Practical exam prep: takeaways and study strategy

  • Focus four problems (2, 6, 9, 12) to cover core ideas across central tendency, dispersion, and graphing.
  • Be able to:
    • Decide when to use mean vs median based on presence of outliers.
    • Compute or interpret standard deviation and describe what 68%, 95%, and 99% ranges mean in context.
    • Choose appropriate graph type depending on whether data are discrete or continuous and how many groups there are.
    • Read and interpret bar charts with error bars; understand how SD influences the interpretation of differences between groups.
    • Comment on axis scaling and why starting at zero is sometimes inappropriate.
    • Explain the basic steps of the scientific method as a cycle of observations, generalizations, explanations, hypotheses, and testing, including how models adapt when predictions fail.
  • Remember the lab and homework logistics:
    • Lab quizzes are in person, in the same room as exams.
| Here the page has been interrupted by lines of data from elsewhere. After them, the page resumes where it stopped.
definition nbhd :: "('n \<Rightarrow> 'n \<Rightarrow> bool) \<Rightarrow> 'n \<Rightarrow> 'n set" where
  "nbhd E u = {v. E u v}"

definition laplacian :: "('n::finite \<Rightarrow> 'n \<Rightarrow> bool) \<Rightarrow> complex^'n^'n" where
  "laplacian E = (\<chi> i j. (if i = j then of_nat (card (nbhd E i)) else 0)
                         - (if E i j then 1 else 0))"

definition evec :: "'n::finite \<Rightarrow> complex^'n" where
  "evec j = (\<chi> i. if i = j then 1 else 0)"

definition Mab :: "'n::finite \<Rightarrow> 'n \<Rightarrow> complex^'n^'n" where
  "Mab a b = (\<chi> i j. (evec a - evec b) $ i * (evec a - evec b) $ j)"

primrec mpow :: "complex^'n^'n \<Rightarrow> nat \<Rightarrow> complex^'n^'n" where
  "mpow A 0 = mat 1"
| "mpow A (Suc k) = A ** mpow A k"

definition mexp :: "complex^'n^'n \<Rightarrow> complex^'n^'n" where
  "mexp A = (\<chi> i j. \<Sum>k. (mpow A k) $ i $ j / of_nat (fact k))"

definition cscale :: "complex \<Rightarrow> complex^'n^'n \<Rightarrow> complex^'n^'n" where
  "cscale c A = (\<chi> i j. c * A $ i $ j)"

definition U :: "complex^'n^'n \<Rightarrow> real \<Rightarrow> complex^'n^'n" where
  "U H t = mexp (cscale (- (\<i> * of_real t)) H)"

definition pgst :: "complex^'n^'n \<Rightarrow> 'n::finite \<Rightarrow> 'n \<Rightarrow> (nat \<Rightarrow> real) \<Rightarrow> bool" where
  "pgst H p q \<tau> \<longleftrightarrow> p \<noteq> q \<and>
     (\<exists>\<gamma>::complex. (\<lambda>k. U H (\<tau> k) *v evec p) \<longlonglongrightarrow> \<gamma> *s evec q)"

definition almost_periodic :: "complex^'n^'n \<Rightarrow> 'n::finite \<Rightarrow> (nat \<Rightarrow> real) \<Rightarrow> bool" where
  "almost_periodic H p \<tau> \<longleftrightarrow> (\<forall>k. \<tau> k \<noteq> 0) \<and>
     (\<exists>\<gamma>::complex. (\<lambda>k. U H (\<tau> k) *v evec p) \<longlonglongrightarrow> \<gamma> *s evec p)"

end

theory Submission
  imports Defs
begin

text \<open>The vector \<open>v = e\<^sub>a - e\<^sub>b\<close> is an eigenvector of \<open>L\<close> (twin vertices have equal
  degree and equal neighbours) and of \<open>M\<close> (eigenvalue 2), while the complement
  \<open>W = {w. w\<^sub>a = w\<^sub>b}\<close> is \<open>L\<close>-invariant and killed by \<open>M\<close>. Hence \<open>U\<^bsub>L\<^sup>\<alpha>\<^esub>(t)\<close> agrees with
  \<open>U\<^bsub>L\<^esub>(t)\<close> on \<open>W\<close> and differs on \<open>v\<close> only by the phase \<open>exp(-2i\<alpha>t)\<close>. A vertex
  \<open>p \<notin> {a, b}\<close> has \<open>e\<^sub>p \<in> W\<close>, which gives (2). If the phase is \<open>-1\<close>, writing
  \<open>e\<^sub>a, e\<^sub>b = (e\<^sub>a + e\<^sub>b)/2 \<plusminus> v/2\<close> gives \<open>U\<^bsub>L\<^sup>\<alpha>\<^esub>(t) e\<^sub>a = U\<^bsub>L\<^esub>(t) e\<^sub>b\<close>, and \<open>U\<^bsub>L\<^esub>(t) e\<^sub>b\<close> is
  \<open>U\<^bsub>L\<^esub>(t) e\<^sub>a\<close> with coordinates \<open>a\<close>, \<open>b\<close> interchanged, so it tends to \<open>\<gamma> e\<^sub>b\<close>; this gives (1).\<close>

lemma norm_mpow_entry_le:
  fixes A :: "complex^'n::finite^'n"
  shows "norm (mpow A k $ i $ j) \<le> (\<Sum>i\<in>UNIV. \<Sum>j\<in>UNIV. norm (A $ i $ j)) ^ k"
proof (induction k arbitrary: i j)
  case 0
  then show ?case by (simp add: mat_def)
next
  case (Suc k)
  define S where "S = (\<Sum>i\<in>UNIV. \<Sum>j\<in>UNIV. norm (A $ i $ j))"
  have "norm (mpow A (Suc k) $ i $ j) = norm (\<Sum>m\<in>UNIV. A $ i $ m * mpow A k $ m $ j)"
    by (simp add: matrix_matrix_mult_def)
  also have "\<dots> \<le> (\<Sum>m\<in>UNIV. norm (A $ i $ m) * S ^ k)"
    by (rule order_trans[OF norm_sum sum_mono])
      (simp add: norm_mult mult_left_mono Suc[unfolded S_def[symmetric]])
  also have "\<dots> = (\<Sum>m\<in>UNIV. norm (A $ i $ m)) * S ^ k"
    by (simp add: sum_distrib_right)
  also have "\<dots> \<le> S * S ^ k"
  proof (rule mult_right_mono)
    show "(\<Sum>m\<in>UNIV. norm (A $ i $ m)) \<le> S"
      unfolding S_def
      by (rule member_le_sum[where f = "\<lambda>i. \<Sum>j\<in>UNIV. norm (A $ i $ j)"]) (auto intro: sum_nonneg)
  qed (simp add: S_def sum_nonneg)
  finally show ?case by (simp add: S_def)
qed
lemma sum_mult_shift_basis:
  fixes c P :: "nat \<Rightarrow> 'a::comm_ring"
  assumes "\<And>k. z * P k = e k * P k - P (Suc k)" "c (Suc n) = 0"
  shows "z * (\<Sum>k\<le>n. c k * P k)
    = (\<Sum>k\<le>Suc n. (e k * c k - (if k = 0 then 0 else c (k - 1))) * P k)"
proof -
  have "z * (\<Sum>k\<le>n. c k * P k) = (\<Sum>k\<le>n. e k * c k * P k - c k * P (Suc k))"
    unfolding sum_distrib_left
  proof (rule sum.cong)
    fix k
    have "z * (c k * P k) = c k * (e k * P k - P (Suc k))"
      by (simp only: mult.left_commute[of z] assms(1))
    then show "z * (c k * P k) = e k * c k * P k - c k * P (Suc k)"
      by (simp add: algebra_simps)
  qed simp
  also have "\<dots> = (\<Sum>k\<le>Suc n. e k * c k * P k) - (\<Sum>k\<le>n. c k * P (Suc k))"
    using assms(2) by (simp add: sum_subtractf)
  also have "(\<Sum>k\<le>n. c k * P (Suc k)) = (\<Sum>k\<le>Suc n. (if k = 0 then 0 else c (k - 1)) * P k)"
    by (subst sum.atMost_Suc_shift) simp
  finally show ?thesis by (simp add: sum_subtractf left_diff_distrib)
qed

section \<open>The three-term recurrence of the Krawtchouk polynomials\<close>

definition krawtchouk_coeff :: "nat \<Rightarrow> complex \<Rightarrow> nat \<Rightarrow> nat \<Rightarrow> complex" where
  "krawtchouk_coeff M p n k =
     pochhammer (- of_nat n) k / (pochhammer (- of_nat M) k * of_nat (fact k)) * inverse p ^ k"

lemma krawtchouk_coeff_eq_0: "n < k \<Longrightarrow> krawtchouk_coeff M p n k = 0"
  by (simp add: krawtchouk_coeff_def pochhammer_of_nat_eq_0_iff)

lemma krawtchouk_conv_coeff:
  assumes "n \<le> L"
  shows "krawtchouk n X p M = (\<Sum>k\<le>L. krawtchouk_coeff M p n k * pochhammer (- X) k)"
proof -
  have "krawtchouk n X p M = (\<Sum>k\<le>n. krawtchouk_coeff M p n k * pochhammer (- X) k)"
    unfolding krawtchouk_def krawtchouk_coeff_def by (intro sum.cong) auto
  also have "\<dots> = (\<Sum>k\<le>L. krawtchouk_coeff M p n k * pochhammer (- X) k)"
    using assms by (intro sum_atMost_extend) (auto simp: krawtchouk_coeff_eq_0)
  finally show ?thesis .
qed

lemma krawtchouk_coeff_Suc_right:
  "krawtchouk_coeff M p n (Suc k) = krawtchouk_coeff M p n k
     * (of_nat k - of_nat n) * (inverse p / ((of_nat k - of_nat M) * (of_nat k + 1)))"
proof -
  have "pochhammer (- of_nat n) (Suc k) = pochhammer (- of_nat n) k * (of_nat k - of_nat n :: complex)"
    "pochhammer (- of_nat M) (Suc k) = pochhammer (- of_nat M) k * (of_nat k - of_nat M :: complex)"
    unfolding pochhammer_rec' by simp_all
  moreover have "of_nat (fact (Suc k)) = (of_nat k + 1) * (of_nat (fact k) :: complex)"
    by (simp add: algebra_simps)
  ultimately show ?thesis
    unfolding krawtchouk_coeff_def
    by (simp add: divide_inverse mult_ac del: fact_Suc of_nat_fact)
qed

lemma krawtchouk_coeff_Suc_Suc:
  "krawtchouk_coeff M p (Suc n) (Suc k) = krawtchouk_coeff M p n k
     * (- of_nat (Suc n)) * (inverse p / ((of_nat k - of_nat M) * (of_nat k + 1)))"
proof -
  have "pochhammer (- of_nat (Suc n)) (Suc k) = pochhammer (- of_nat n :: complex) k * (- of_nat (Suc n))"
    unfolding pochhammer_rec by simp
  moreover have "pochhammer (- of_nat M) (Suc k) = pochhammer (- of_nat M) k * (of_nat k - of_nat M :: complex)"
    unfolding pochhammer_rec' by simp
  moreover have "of_nat (fact (Suc k)) = (of_nat k + 1) * (of_nat (fact k) :: complex)"
    by (simp add: algebra_simps)
  ultimately show ?thesis
    unfolding krawtchouk_coeff_def
    by (simp add: divide_inverse mult_ac del: fact_Suc of_nat_fact)
qed

lemma pochhammer_minus_of_nat_Suc:
  "of_nat (Suc n) * pochhammer (- of_nat n :: 'a::comm_ring_1) k
    = (of_nat (Suc n) - of_nat k) * pochhammer (- of_nat (Suc n)) k"
proof -
  have "pochhammer (- of_nat (Suc n) :: 'a) (Suc k) = - of_nat (Suc n) * pochhammer (- of_nat n) k"
    unfolding pochhammer_rec by simp
  moreover have "pochhammer (- of_nat (Suc n) :: 'a) (Suc k)
      = (- of_nat (Suc n) + of_nat k) * pochhammer (- of_nat (Suc n)) k"
    by (rule pochhammer_rec')
  ultimately show ?thesis by (simp add: algebra_simps del: of_nat_Suc)
qed

lemma krawtchouk_coeff_Suc_left:
  "of_nat (Suc n) * krawtchouk_coeff M p n k
    = (of_nat (Suc n) - of_nat k) * krawtchouk_coeff M p (Suc n) k"
proof -
  have "of_nat (Suc n) * krawtchouk_coeff M p n k
      = of_nat (Suc n) * pochhammer (- of_nat n) k
        / (pochhammer (- of_nat M) k * of_nat (fact k)) * inverse p ^ k"
    unfolding krawtchouk_coeff_def by simp
  also have "\<dots> = (of_nat (Suc n) - of_nat k) * pochhammer (- of_nat (Suc n)) k
      / (pochhammer (- of_nat M) k * of_nat (fact k)) * inverse p ^ k"
    unfolding pochhammer_minus_of_nat_Suc ..
  finally show ?thesis
    unfolding krawtchouk_coeff_def by simp
qed

lemma krawtchouk_coeff_recurrence:
  assumes "p \<noteq> 0" "k \<le> M"
  defines "a \<equiv> krawtchouk_coeff M p"
  shows "p * (of_nat M - of_nat (Suc n)) * a (Suc (Suc n)) k + of_nat (Suc n) * (1 - p) * a n k
    = (p * (of_nat M - of_nat (Suc n)) + of_nat (Suc n) * (1 - p) - of_nat k) * a (Suc n) k
      + (if k = 0 then 0 else a (Suc n) (k - 1))"
proof (cases k)
  case 0
  then show ?thesis by (simp add: a_def krawtchouk_coeff_def algebra_simps)
next
  case (Suc j)
  define t where "t = a (Suc n) j"
  define W where "W = inverse p / ((of_nat j - of_nat M) * (of_nat j + 1) :: complex)"
  have W: "W * ((of_nat j - of_nat M) * (of_nat j + 1) * p) = 1"
  proof -
    have "(of_nat j - of_nat M :: complex) \<noteq> 0"
      using assms(2) Suc by simp
    moreover have "(of_nat j + 1 :: complex) \<noteq> 0"
      by (metis of_nat_Suc of_nat_neq_0 add.commute)
    ultimately show ?thesis using assms(1) by (simp add: W_def)
  qed
  have c2: "a (Suc (Suc n)) (Suc j) = - t * (of_nat n + 2) * W"
    unfolding t_def a_def krawtchouk_coeff_Suc_Suc W_def[symmetric] by (simp add: algebra_simps)
  have c1: "a (Suc n) (Suc j) = t * (of_nat j - of_nat (Suc n)) * W"
    unfolding t_def a_def krawtchouk_coeff_Suc_right W_def[symmetric] ..
  have c0: "of_nat (Suc n) * a n (Suc j) = (of_nat n - of_nat j) * (t * (of_nat j - of_nat (Suc n)) * W)"
    unfolding a_def krawtchouk_coeff_Suc_left c1[unfolded a_def] by simp
  have "p * (of_nat M - of_nat (Suc n)) * a (Suc (Suc n)) (Suc j) + (1 - p) * (of_nat (Suc n) * a n (Suc j))
      = W * t * (- p * (of_nat M - of_nat n - 1) * (of_nat n + 2)
                 - (1 - p) * (of_nat j - of_nat n) * (of_nat j - of_nat n - 1))"
    unfolding c2 c0 by (simp add: algebra_simps)
  also have "\<dots> = (p * (of_nat M - of_nat n - 1) + (of_nat n + 1) * (1 - p) - (of_nat j + 1))
                 * (t * (of_nat j - of_nat n - 1) * W)
      + t * (W * ((of_nat j - of_nat M) * (of_nat j + 1) * p))"
    by (simp add: algebra_simps)
  also have "\<dots> = (p * (of_nat M - of_nat (Suc n)) + of_nat (Suc n) * (1 - p) - of_nat (Suc j))
        * a (Suc n) (Suc j) + a (Suc n) j"
    unfolding c1 W t_def by (simp add: algebra_simps)
  finally show ?thesis unfolding Suc by (simp add: algebra_simps)
qed

lemma pochhammer_neg_mult_shift:
  fixes z :: "'a::comm_ring_1"
  shows "z * pochhammer (- z) k = of_nat k * pochhammer (- z) k - pochhammer (- z) (Suc k)"
  by (simp add: pochhammer_rec' algebra_simps)

lemma krawtchouk_recurrence:
  assumes "p \<noteq> 0" "Suc n < M"
  shows "p * (of_nat M - of_nat (Suc n)) * krawtchouk (Suc (Suc n)) X p M
      + of_nat (Suc n) * (1 - p) * krawtchouk n X p M
    = (p * (of_nat M - of_nat (Suc n)) + of_nat (Suc n) * (1 - p) - X) * krawtchouk (Suc n) X p M"
proof -
  define a where "a = krawtchouk_coeff M p"
  define P where "P = (\<lambda>k. pochhammer (- X) k)"
  define \<alpha> where "\<alpha> = p * (of_nat M - of_nat (Suc n)) + of_nat (Suc n) * (1 - p)"
  define D where "D = (\<lambda>k. of_nat k * a (Suc n) k - (if k = 0 then 0 else a (Suc n) (k - 1)))"
  have K: "krawtchouk m X p M = (\<Sum>k\<le>Suc (Suc n). a m k * P k)" if "m \<le> Suc (Suc n)" for m
    unfolding a_def P_def using that by (rule krawtchouk_conv_coeff)
  have K0: "krawtchouk n X p M = (\<Sum>k\<le>Suc (Suc n). a n k * P k)"
    and K1: "krawtchouk (Suc n) X p M = (\<Sum>k\<le>Suc (Suc n). a (Suc n) k * P k)"
    and K2: "krawtchouk (Suc (Suc n)) X p M = (\<Sum>k\<le>Suc (Suc n). a (Suc (Suc n)) k * P k)"
    by (simp_all add: K)
  have XK: "X * krawtchouk (Suc n) X p M = (\<Sum>k\<le>Suc (Suc n). D k * P k)"
  proof -
    have "krawtchouk (Suc n) X p M = (\<Sum>k\<le>Suc n. a (Suc n) k * P k)"
      unfolding a_def P_def by (rule krawtchouk_conv_coeff) simp
    moreover have "X * (\<Sum>k\<le>Suc n. a (Suc n) k * P k) = (\<Sum>k\<le>Suc (Suc n). D k * P k)"
      unfolding D_def P_def a_def
      by (rule sum_mult_shift_basis) (simp_all add: pochhammer_neg_mult_shift krawtchouk_coeff_eq_0)
    ultimately show ?thesis by simp
  qed
  have "p * (of_nat M - of_nat (Suc n)) * krawtchouk (Suc (Suc n)) X p M
      + of_nat (Suc n) * (1 - p) * krawtchouk n X p M
    = (\<Sum>k\<le>Suc (Suc n). (p * (of_nat M - of_nat (Suc n)) * a (Suc (Suc n)) k
        + of_nat (Suc n) * (1 - p) * a n k) * P k)"
    unfolding K0 K2 sum_distrib_left sum.distrib[symmetric] by (intro sum.cong) (simp_all add: algebra_simps)
  also have "\<dots> = (\<Sum>k\<le>Suc (Suc n). (\<alpha> * a (Suc n) k - D k) * P k)"
    using assms unfolding \<alpha>_def D_def a_def
    by (intro sum.cong refl, subst krawtchouk_coeff_recurrence) (auto simp: algebra_simps)
  also have "\<dots> = \<alpha> * (\<Sum>k\<le>Suc (Suc n). a (Suc n) k * P k) - (\<Sum>k\<le>Suc (Suc n). D k * P k)"
    unfolding sum_distrib_left sum_subtractf[symmetric] by (intro sum.cong) (simp_all add: algebra_simps)
  also have "\<dots> = (\<alpha> - X) * krawtchouk (Suc n) X p M"
    unfolding K1[symmetric] XK[symmetric] by (simp add: algebra_simps)
  finally show ?thesis unfolding \<alpha>_def .
qed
    • Homework access: find Unit One Active via the textbook link in the course platform (B2L).
    • Bring the PDF packet to class or use it digitally; incorporate it into daily study and note-taking.
  • Final note: the content blends statistics, graphing best practices, and an ecological case study to illustrate how data are collected, interpreted, and used to inform real-world environmental decisions.